Scheer said Wernick’s testimony laid out the extent of unsolicited and co-ordinated efforts to have Wilson-Raybould change her mind.

In his response to Scheer’s opening remarks in the Commons, Virani quoted a part of Wernick’s testimony that supported the government’s position that Trudeau was consistent in telling Wilson-Raybould that offering a remediation agreement to SNC-Lavalin was her decision alone.

“The prime minster said at every occasion, verbally and in writing, she was the decider, so she was not giving legal advice to the prime minister. She was the decider, the full and final decider,” Wernick said at committee last week.

The motion is scheduled to be put to a vote at 6:30 p.m. Monday.
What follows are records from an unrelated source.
lemma zariski_open_hyp_obtain_off_coordinate_hyperplanes:
  fixes W :: "(complex^'n) set"
  assumes "zariski_open_hyp W" "W \<noteq> {}"
  obtains c where "c \<in> W" "\<And>i. c $ i \<noteq> 0"
proof -
  obtain P where P: "\<forall>p\<in>P. hom_poly p" "W = {c. c \<noteq> 0 \<and> (\<exists>p\<in>P. p c \<noteq> 0)}"
    using assms(1) unfolding zariski_open_hyp_def by blast
  obtain p c0 where "p \<in> P" "p c0 \<noteq> 0" using assms(2) P(2) by blast
  moreover obtain c where "p c \<noteq> 0" "\<And>i. c $ i \<noteq> 0"
    using hom_poly_nonzero_off_coordinate_hyperplanes P(1) calculation by blast
  moreover have "c \<noteq> 0" using calculation(4) by (metis zero_index)
  ultimately show ?thesis using that P(2) by blast
qed

lemma beta2_I0: "beta2 I0 = 4"
  unfolding beta2_def
proof (rule the_equality)
  define \<alpha> :: "3 \<Rightarrow> nat" where "\<alpha> i = (if i = 2 then 0 else 1)" for i
  define W where "W = {c :: complex^3. c \<noteq> 0 \<and> (\<exists>p\<in>{\<lambda>x. \<Prod>i\<in>UNIV. x $ i ^ \<alpha> i}. p c \<noteq> 0)}"
  have "\<alpha> 1 = 1" "\<alpha> 2 = 0" "\<alpha> 3 = 1" by (simp_all add: \<alpha>_def)
  then have monomial: "(\<Prod>i\<in>UNIV. x $ i ^ \<alpha> i) = x$1 * x$3" for x :: "complex^3"
    unfolding UNIV_3 by (simp add: ac_simps)
  have "zariski_open_hyp W"
    unfolding zariski_open_hyp_def W_def
    by (rule exI[of _ "{\<lambda>x. \<Prod>i\<in>UNIV. x $ i ^ \<alpha> i}"]) (simp add: hom_poly_monomial)
  moreover have "vector [1, 0, 1] \<in> W"
  proof -
    have v: "(vector [1, 0, 1] :: complex^3) $ 1 = 1" "(vector [1, 0, 1] :: complex^3) $ 3 = 1" by simp_all
    then have "(vector [1, 0, 1] :: complex^3) \<noteq> 0" by (metis zero_index zero_neq_one)
    then show ?thesis using v unfolding W_def monomial by simp
  qed
  moreover have "T1 (gen_ideal (I0 \<union> {linform c})) = 4" if "c \<in> W" for c
  proof -
    from that have "c$1 \<noteq> 0" "c$3 \<noteq> 0" unfolding W_def monomial by simp_all
    then show ?thesis using T1_I0_hyp[of c] unfolding I0_hyp_def by simp
  qed
  ultimately show "\<exists>W. zariski_open_hyp W \<and> W \<noteq> {} \<and> (\<forall>c\<in>W. T1 (gen_ideal (I0 \<union> {linform c})) = 4)"
    by blast
next
  fix \<beta> assume "\<exists>W. zariski_open_hyp W \<and> W \<noteq> {} \<and> (\<forall>c\<in>W. T1 (gen_ideal (I0 \<union> {linform c})) = \<beta>)"
  then obtain W where W: "zariski_open_hyp W" "W \<noteq> {}" "\<forall>c\<in>W. T1 (I0_hyp c) = \<beta>"
    unfolding I0_hyp_def by blast
  obtain c where "c \<in> W" "\<And>i. c $ i \<noteq> 0"
    using zariski_open_hyp_obtain_off_coordinate_hyperplanes[OF W(1,2)] by blast
  then show "\<beta> = 4" using W(3) T1_I0_hyp[of c] by simp
qed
Two previous opposition attempts to have senior PMO staff testify at the committee have been unsuccessful, as was a motion to compel Trudeau to waive solicitor-client privilege and have a public inquiry launched.

NDP MP Tracey Ramsey used her time in the debate to bring up the perceived “racist and sexist undertones” of the ongoing affair, citing the personal attacks against the woman who was Canada’s first Indigenous justice minister and attorney general by unnamed Liberal sources in the days after the SNC-Lavalin controversy began unfolding. Trudeau has since apologized for not being quicker to condemn those comments.
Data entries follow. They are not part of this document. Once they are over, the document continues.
lemma orbit_rotate:
  assumes "c \<noteq> []"
  shows "orbit (rotate i c) = orbit c"
proof -
  have "rotate j c = rotate (j + length c * i - i) (rotate i c)" for j
  proof -
    have "1 * i \<le> length c * i"
      using assms by (intro mult_right_mono) (auto simp: Suc_le_eq)
    then have "i \<le> j + length c * i" by linarith
    then have "rotate (j + length c * i - i) (rotate i c) = rotate (j + length c * i) c"
      by (simp add: rotate_rotate)
    also have "\<dots> = rotate j c"
      by (subst (1 2) rotate_conv_mod) simp
    finally show ?thesis by simp
  qed
  then have "range (\<lambda>j. rotate j (rotate i c)) = range (\<lambda>j. rotate j c)"
    by (auto simp: rotate_rotate)
  then show ?thesis using assms by (simp add: orbit_eq_range)
qed

lemma coprime_exponent_if_primitive:
  assumes v: "v < n"
    and circuit: "is_circuit n a b (psi n a b (pow_list q x) v)"
    and prim: "primitive_orbit n a b (phi n a b (pow_list q x) v)"
    and total: "sum_list (map (step a b) (pow_list q x)) = \<omega> * n"
  shows "coprime q \<omega>"
proof -
  define d where "d = gcd q \<omega>"
  have "0 < q"
    using circuit by (cases q) (auto simp: is_circuit_def)
  then have "0 < d" by (simp add: d_def)
  have "d dvd q" by (simp add: d_def)
  then obtain r where q: "q = d * r" by (rule dvdE)
  have "d dvd \<omega>" by (simp add: d_def)
  then obtain \<omega>' where \<omega>: "\<omega> = d * \<omega>'" by (rule dvdE)
  define S where "S = sum_list (map (step a b) x)"
  have "d * (r * S) = d * (\<omega>' * n)"
    using total by (simp add: S_def sum_list_map_pow_list q \<omega> mult.assoc)
  then have "r * S = \<omega>' * n"
    using \<open>0 < d\<close> by simp
  then have "(v + sum_list (map (step a b) (pow_list r x))) mod n = v"
    using v by (simp add: sum_list_map_pow_list S_def)
  then have "psi n a b (pow_list d (pow_list r x)) v = pow_list d (psi n a b (pow_list r x) v)"
    by (rule psi_pow_list[OF v])
  then have split: "psi n a b (pow_list q x) v = pow_list d (psi n a b (pow_list r x) v)"
    by (simp add: q pow_list_mult)
  have "\<not> 1 < d"
  proof
    assume "1 < d"
    moreover have "is_circuit n a b (psi n a b (pow_list r x) v)"
      using circuit split is_circuit_pow_list_base by simp
    ultimately show False
      using prim split unfolding primitive_orbit_def phi_def by auto
  qed
  with \<open>0 < d\<close> have "d = 1" by simp
  then show ?thesis by (simp add: d_def coprime_iff_gcd_eq_1)
qed

lemma circuit_rotation_eq_psi_lyndon_power:
  assumes c: "is_circuit n a b c" and "a < b" and "b < n"
  obtains i q x v where "0 < q" and "lyndon x" and "v < n"
    and "rotate i c = psi n a b (pow_list q x) v"
    and "q * length x = length c" and "q * count_list x Lb = bcount n b c"
proof -
  have "c \<noteq> []" using c by (simp add: is_circuit_def)
  then have "map (letter_of n b) c \<noteq> []" by simp
  then obtain i q x where q: "0 < q" and word: "rotate i (map (letter_of n b) c) = pow_list q x"
    and "lyndon x"
    by (rule rotation_pow_list_lyndon)
  define v where "v = fst (hd (rotate i c))"
  have circuit: "is_circuit n a b (rotate i c)"
    using c by (rule is_circuit_rotate)
  then have "v < n"
    using \<open>c \<noteq> []\<close> by (cases "rotate i c") (auto simp: v_def is_circuit_def is_path_def bonds_def)
  have "rotate i c = psi n a b (map (letter_of n b) (rotate i c)) v"
    using path_eq_psi[OF assms(2,3)] circuit by (simp add: is_circuit_def v_def)
  with word have "rotate i c = psi n a b (pow_list q x) v"
    by (simp add: rotate_map)
  moreover have "q * length x = length c" and "q * count_list x Lb = bcount n b c"
    using arg_cong[OF word, of length] arg_cong[OF word, of "\<lambda>w. count_list w Lb"]
    by (simp_all add: count_list_pow_list count_list_rotate bcount_eq_count_list)
  ultimately show thesis
    using that q \<open>lyndon x\<close> \<open>v < n\<close> by blast
qed

theorem mainTheorem13:
  fixes n a b l k \<omega> :: nat
  assumes "2 \<le> n" and "0 < a" and "a < b" and "b < n"
    and "gcd n (gcd a b) = 1"
    and "1 \<le> l" and "k \<le> l"
    and "0 < \<omega>" and "l * a + k * (b - a) = \<omega> * n"
  shows "\<forall>p \<in> prim_orbits n a b l k.
           \<exists>q w v. 0 < q \<and> q dvd gcd l k \<and> coprime q \<omega> \<and> w \<in> L2q q l k \<and> v < n
                 \<and> is_circuit n a b (psi n a b w v) \<and> p = phi n a b w v"
proof
  fix p assume "p \<in> prim_orbits n a b l k"
  then obtain c where c: "is_circuit n a b c" "length c = l" "bcount n b c = k"
    "primitive_orbit n a b (orbit c)" "p = orbit c"
    by (auto simp: prim_orbits_def)
  obtain i q x v where q: "0 < q" and "lyndon x" and "v < n"
    and psi: "rotate i c = psi n a b (pow_list q x) v"
    and l: "q * length x = l" and k: "q * count_list x Lb = k"
    using circuit_rotation_eq_psi_lyndon_power[OF c(1) assms(3,4)] c(2,3) by metis
  have circuit: "is_circuit n a b (psi n a b (pow_list q x) v)"
    using is_circuit_rotate[OF c(1), of i] by (simp add: psi)
  have p: "p = phi n a b (pow_list q x) v"
    using c(1,5) orbit_rotate[of c i] by (simp add: phi_def is_circuit_def flip: psi)
  have "sum_list (map (step a b) (pow_list q x)) = \<omega> * n"
    using l k assms(3,9) by (simp add: sum_list_steps count_list_pow_list mult.assoc)
  then have "coprime q \<omega>"
    using coprime_exponent_if_primitive[OF \<open>v < n\<close> circuit] c(4) p by (simp add: c(5))
  moreover have "pow_list q x \<in> L2q q l k"
    using \<open>lyndon x\<close> l k q by (auto simp: L2q_def L2_def)
  moreover have "q dvd gcd l k"
    by (simp flip: l k)
  ultimately show "\<exists>q w v. 0 < q \<and> q dvd gcd l k \<and> coprime q \<omega> \<and> w \<in> L2q q l k \<and> v < n
                 \<and> is_circuit n a b (psi n a b w v) \<and> p = phi n a b w v"
    using q \<open>v < n\<close> circuit p by blast
qed

end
To date, the government maintains that nothing improper occurred, though Trudeau’s principal secretary resigned over the matter on Feb. 18, denying any wrongdoing.

Since the scandal hit Parliament Hill, federal ethics commissioner Mario Dion has launched an investigation, which Liberals continue to point to as the best avenue for examining the case, though such probes can often take months to complete.

“We continue to welcome the studies by the committee and by the ethics commissioner,” Trudeau said Monday.